Identify and pull out each line of the entries in which "step" occurs.

======== Dataset content

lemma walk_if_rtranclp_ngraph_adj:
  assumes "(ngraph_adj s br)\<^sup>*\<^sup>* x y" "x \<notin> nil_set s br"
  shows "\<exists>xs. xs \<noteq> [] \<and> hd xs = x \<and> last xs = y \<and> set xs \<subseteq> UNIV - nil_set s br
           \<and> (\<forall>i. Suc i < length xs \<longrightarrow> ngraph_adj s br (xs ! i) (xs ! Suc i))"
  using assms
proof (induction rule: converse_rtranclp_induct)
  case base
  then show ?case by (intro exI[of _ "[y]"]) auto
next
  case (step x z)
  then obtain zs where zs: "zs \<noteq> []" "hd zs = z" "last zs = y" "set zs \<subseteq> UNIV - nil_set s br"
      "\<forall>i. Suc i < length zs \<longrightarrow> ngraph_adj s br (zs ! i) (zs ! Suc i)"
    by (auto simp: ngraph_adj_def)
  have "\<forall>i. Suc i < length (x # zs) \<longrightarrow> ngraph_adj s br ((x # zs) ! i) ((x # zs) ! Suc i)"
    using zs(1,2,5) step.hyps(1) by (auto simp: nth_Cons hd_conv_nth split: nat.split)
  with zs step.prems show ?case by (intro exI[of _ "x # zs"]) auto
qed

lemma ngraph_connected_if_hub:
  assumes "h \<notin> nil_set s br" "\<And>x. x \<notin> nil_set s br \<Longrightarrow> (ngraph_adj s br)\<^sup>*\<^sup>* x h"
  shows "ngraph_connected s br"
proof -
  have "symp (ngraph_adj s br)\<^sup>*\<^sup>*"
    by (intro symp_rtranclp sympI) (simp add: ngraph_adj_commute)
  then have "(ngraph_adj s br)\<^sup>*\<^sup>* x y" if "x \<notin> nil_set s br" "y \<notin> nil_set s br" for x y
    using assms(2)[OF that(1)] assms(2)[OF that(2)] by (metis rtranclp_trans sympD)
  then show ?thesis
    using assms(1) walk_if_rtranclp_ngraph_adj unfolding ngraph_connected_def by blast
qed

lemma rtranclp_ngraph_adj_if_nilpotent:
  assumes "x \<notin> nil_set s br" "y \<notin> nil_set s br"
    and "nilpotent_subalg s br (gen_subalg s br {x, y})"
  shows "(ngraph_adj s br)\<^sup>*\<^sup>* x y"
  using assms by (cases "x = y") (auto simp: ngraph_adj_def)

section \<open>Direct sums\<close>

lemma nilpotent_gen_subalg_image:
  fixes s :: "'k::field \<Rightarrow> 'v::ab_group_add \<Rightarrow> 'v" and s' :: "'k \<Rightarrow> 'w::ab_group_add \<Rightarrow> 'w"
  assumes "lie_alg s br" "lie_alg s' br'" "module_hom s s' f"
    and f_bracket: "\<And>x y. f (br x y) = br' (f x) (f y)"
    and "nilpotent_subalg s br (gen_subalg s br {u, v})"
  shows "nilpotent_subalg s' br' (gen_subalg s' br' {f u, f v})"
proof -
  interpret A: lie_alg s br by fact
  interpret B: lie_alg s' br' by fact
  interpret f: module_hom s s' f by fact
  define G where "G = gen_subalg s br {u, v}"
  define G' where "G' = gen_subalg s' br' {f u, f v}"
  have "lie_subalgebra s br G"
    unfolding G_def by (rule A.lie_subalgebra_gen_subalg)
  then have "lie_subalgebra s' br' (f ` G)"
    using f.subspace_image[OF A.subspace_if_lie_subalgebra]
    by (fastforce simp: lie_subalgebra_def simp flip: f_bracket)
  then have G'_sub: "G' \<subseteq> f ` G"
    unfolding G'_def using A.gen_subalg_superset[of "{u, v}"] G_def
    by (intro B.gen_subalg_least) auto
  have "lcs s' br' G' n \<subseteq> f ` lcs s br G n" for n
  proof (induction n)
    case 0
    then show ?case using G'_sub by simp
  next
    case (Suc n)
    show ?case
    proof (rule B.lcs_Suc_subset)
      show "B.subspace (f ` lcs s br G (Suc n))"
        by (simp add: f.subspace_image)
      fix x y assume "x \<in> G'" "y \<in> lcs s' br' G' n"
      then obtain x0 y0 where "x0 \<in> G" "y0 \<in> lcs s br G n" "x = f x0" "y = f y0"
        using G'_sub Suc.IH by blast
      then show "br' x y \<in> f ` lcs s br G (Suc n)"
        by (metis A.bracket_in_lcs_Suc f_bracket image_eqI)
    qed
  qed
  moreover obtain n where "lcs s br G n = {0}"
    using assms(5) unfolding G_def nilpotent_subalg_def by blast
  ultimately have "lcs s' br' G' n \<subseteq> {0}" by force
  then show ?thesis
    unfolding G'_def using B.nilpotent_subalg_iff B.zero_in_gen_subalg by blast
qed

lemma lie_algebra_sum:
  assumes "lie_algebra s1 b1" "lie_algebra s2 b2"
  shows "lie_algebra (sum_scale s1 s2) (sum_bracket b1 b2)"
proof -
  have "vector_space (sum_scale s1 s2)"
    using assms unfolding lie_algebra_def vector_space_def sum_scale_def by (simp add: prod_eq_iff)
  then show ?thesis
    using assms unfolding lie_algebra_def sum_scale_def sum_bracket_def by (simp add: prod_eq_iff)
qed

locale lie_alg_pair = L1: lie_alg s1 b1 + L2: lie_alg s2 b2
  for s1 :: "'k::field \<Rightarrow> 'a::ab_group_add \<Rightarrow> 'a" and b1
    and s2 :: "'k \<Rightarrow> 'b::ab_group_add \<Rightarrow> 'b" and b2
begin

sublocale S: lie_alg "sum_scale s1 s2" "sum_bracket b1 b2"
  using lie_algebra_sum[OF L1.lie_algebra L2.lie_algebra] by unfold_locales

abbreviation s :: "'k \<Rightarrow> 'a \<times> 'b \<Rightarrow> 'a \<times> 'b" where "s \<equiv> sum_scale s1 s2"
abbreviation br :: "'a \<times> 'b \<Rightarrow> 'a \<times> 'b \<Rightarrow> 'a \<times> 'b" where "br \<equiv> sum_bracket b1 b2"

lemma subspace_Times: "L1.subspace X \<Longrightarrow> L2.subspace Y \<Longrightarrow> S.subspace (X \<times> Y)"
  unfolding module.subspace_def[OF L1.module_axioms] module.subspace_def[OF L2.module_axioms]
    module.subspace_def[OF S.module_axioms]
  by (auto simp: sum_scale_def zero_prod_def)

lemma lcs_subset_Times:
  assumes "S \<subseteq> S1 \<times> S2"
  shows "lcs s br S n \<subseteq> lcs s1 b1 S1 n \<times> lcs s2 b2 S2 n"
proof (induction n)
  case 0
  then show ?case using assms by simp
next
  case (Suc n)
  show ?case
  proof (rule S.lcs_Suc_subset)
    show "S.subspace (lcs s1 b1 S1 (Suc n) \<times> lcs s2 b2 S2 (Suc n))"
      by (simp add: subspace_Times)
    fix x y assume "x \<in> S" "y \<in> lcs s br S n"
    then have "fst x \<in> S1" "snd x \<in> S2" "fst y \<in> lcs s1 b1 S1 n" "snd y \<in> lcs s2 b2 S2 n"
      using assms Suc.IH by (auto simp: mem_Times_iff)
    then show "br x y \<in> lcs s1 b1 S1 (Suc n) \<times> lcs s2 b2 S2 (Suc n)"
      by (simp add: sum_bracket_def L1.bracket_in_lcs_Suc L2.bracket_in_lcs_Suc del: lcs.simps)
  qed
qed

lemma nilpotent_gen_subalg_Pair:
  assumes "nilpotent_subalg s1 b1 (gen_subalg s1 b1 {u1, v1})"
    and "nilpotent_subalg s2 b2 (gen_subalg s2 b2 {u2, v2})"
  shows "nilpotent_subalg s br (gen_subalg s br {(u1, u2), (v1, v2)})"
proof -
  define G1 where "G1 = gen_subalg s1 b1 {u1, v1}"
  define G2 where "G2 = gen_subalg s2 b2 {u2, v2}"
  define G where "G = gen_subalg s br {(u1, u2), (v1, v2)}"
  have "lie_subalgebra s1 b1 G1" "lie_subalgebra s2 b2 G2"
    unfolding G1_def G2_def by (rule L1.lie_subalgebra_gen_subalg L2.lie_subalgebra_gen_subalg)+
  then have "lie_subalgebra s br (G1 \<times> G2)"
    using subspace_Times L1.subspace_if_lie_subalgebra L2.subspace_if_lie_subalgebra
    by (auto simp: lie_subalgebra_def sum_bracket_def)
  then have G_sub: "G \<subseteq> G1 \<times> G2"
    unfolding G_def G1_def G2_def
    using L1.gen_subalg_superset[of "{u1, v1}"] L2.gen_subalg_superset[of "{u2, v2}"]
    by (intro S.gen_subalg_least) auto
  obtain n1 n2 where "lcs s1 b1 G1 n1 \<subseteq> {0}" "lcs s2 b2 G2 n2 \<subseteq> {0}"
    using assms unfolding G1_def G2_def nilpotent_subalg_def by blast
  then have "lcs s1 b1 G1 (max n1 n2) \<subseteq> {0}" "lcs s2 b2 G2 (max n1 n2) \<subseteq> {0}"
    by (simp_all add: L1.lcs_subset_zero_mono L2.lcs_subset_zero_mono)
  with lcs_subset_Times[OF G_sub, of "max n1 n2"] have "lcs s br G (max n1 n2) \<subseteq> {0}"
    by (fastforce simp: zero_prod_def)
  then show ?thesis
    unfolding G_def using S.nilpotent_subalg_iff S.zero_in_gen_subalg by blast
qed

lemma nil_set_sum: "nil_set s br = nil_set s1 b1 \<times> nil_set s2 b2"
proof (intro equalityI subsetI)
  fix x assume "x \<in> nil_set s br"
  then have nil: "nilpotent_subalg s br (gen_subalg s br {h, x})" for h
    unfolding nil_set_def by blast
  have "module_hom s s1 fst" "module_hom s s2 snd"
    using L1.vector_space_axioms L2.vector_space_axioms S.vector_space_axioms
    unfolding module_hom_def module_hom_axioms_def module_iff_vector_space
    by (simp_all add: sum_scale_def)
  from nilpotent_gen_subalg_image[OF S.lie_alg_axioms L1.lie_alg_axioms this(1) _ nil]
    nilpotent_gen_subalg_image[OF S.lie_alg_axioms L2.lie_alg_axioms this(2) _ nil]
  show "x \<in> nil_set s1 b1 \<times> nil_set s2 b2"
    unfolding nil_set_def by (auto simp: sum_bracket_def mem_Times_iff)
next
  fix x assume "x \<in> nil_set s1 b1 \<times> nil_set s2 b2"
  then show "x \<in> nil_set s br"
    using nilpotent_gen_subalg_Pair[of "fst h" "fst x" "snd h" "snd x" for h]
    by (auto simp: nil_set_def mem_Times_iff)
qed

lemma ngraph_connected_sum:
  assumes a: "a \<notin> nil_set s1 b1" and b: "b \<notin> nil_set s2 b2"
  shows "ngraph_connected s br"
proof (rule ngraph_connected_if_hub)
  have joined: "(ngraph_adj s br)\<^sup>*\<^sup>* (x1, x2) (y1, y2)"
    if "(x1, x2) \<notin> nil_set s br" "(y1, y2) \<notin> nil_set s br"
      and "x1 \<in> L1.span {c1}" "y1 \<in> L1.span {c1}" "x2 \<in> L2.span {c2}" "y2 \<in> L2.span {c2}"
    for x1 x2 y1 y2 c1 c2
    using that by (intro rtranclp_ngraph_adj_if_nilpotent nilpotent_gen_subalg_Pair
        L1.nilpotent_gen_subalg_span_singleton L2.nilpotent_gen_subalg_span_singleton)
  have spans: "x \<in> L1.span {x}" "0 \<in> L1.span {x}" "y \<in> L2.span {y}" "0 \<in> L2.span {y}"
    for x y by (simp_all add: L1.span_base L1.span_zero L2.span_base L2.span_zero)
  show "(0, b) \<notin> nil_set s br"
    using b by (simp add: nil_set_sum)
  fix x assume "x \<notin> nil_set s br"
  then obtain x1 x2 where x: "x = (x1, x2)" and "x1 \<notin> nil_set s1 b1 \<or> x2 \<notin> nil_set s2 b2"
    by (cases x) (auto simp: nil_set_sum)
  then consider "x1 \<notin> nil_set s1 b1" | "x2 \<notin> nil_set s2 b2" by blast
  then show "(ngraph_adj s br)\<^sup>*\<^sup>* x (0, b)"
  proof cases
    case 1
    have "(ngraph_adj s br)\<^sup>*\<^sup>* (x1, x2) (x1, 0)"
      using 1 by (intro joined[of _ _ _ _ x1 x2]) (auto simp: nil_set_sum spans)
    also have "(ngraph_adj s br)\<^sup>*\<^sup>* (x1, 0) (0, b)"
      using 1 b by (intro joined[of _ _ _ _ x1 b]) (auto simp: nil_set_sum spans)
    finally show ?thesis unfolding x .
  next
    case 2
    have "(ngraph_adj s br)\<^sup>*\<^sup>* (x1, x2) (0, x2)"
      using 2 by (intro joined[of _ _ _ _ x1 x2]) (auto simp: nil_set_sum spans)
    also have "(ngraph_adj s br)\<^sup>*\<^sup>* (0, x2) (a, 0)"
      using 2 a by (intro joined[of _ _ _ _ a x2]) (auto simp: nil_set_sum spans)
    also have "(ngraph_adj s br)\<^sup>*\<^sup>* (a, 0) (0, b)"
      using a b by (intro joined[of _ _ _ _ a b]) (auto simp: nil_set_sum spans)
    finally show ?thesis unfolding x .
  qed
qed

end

================

-- Your response --
  case (step x z)
    using zs(1,2,5) step.hyps(1) by (auto simp: nth_Cons hd_conv_nth split: nat.split)
  with zs step.prems show ?case by (intro exI[of _ "x # zs"]) auto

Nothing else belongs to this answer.